§ **DATA UNDER STUDY**:
- Opening Delimiter -
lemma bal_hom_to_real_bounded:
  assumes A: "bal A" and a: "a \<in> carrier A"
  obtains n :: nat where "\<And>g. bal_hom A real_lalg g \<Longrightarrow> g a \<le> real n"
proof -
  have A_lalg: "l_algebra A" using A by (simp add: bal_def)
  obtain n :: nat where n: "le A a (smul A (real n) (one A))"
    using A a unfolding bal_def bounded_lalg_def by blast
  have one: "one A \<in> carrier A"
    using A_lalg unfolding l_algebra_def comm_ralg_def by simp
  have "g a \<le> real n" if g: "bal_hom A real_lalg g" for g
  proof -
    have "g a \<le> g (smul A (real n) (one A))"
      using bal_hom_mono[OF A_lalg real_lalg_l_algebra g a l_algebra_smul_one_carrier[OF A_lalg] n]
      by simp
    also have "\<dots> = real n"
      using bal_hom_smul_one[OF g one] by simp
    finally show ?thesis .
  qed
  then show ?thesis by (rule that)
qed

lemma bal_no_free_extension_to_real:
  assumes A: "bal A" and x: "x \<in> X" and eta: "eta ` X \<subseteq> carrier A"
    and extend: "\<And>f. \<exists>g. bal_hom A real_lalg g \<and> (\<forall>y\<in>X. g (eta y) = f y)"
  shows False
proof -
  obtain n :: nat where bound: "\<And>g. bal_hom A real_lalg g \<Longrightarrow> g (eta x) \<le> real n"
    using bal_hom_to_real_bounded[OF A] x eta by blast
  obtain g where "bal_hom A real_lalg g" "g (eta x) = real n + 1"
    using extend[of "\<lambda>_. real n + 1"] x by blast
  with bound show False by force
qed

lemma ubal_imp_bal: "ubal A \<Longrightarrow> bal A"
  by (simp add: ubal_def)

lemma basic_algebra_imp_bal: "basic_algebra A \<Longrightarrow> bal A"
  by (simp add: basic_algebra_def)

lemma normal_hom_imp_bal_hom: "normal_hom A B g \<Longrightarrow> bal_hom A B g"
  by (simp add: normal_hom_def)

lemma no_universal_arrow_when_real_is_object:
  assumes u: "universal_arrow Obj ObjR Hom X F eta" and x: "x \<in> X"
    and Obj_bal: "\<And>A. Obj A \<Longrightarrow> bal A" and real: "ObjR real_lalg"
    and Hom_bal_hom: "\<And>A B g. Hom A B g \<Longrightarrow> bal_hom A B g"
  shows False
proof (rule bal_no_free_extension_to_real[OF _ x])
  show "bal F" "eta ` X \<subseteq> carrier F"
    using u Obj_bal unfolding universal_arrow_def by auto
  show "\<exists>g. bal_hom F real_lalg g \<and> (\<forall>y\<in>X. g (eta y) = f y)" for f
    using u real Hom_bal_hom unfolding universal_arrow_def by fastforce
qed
- Closing Delimiter -
§ **YOUR TASK**:
From the listing above, determine how many lines contain "extend", then write only that number.

§ **TASK RESPONSE**:
2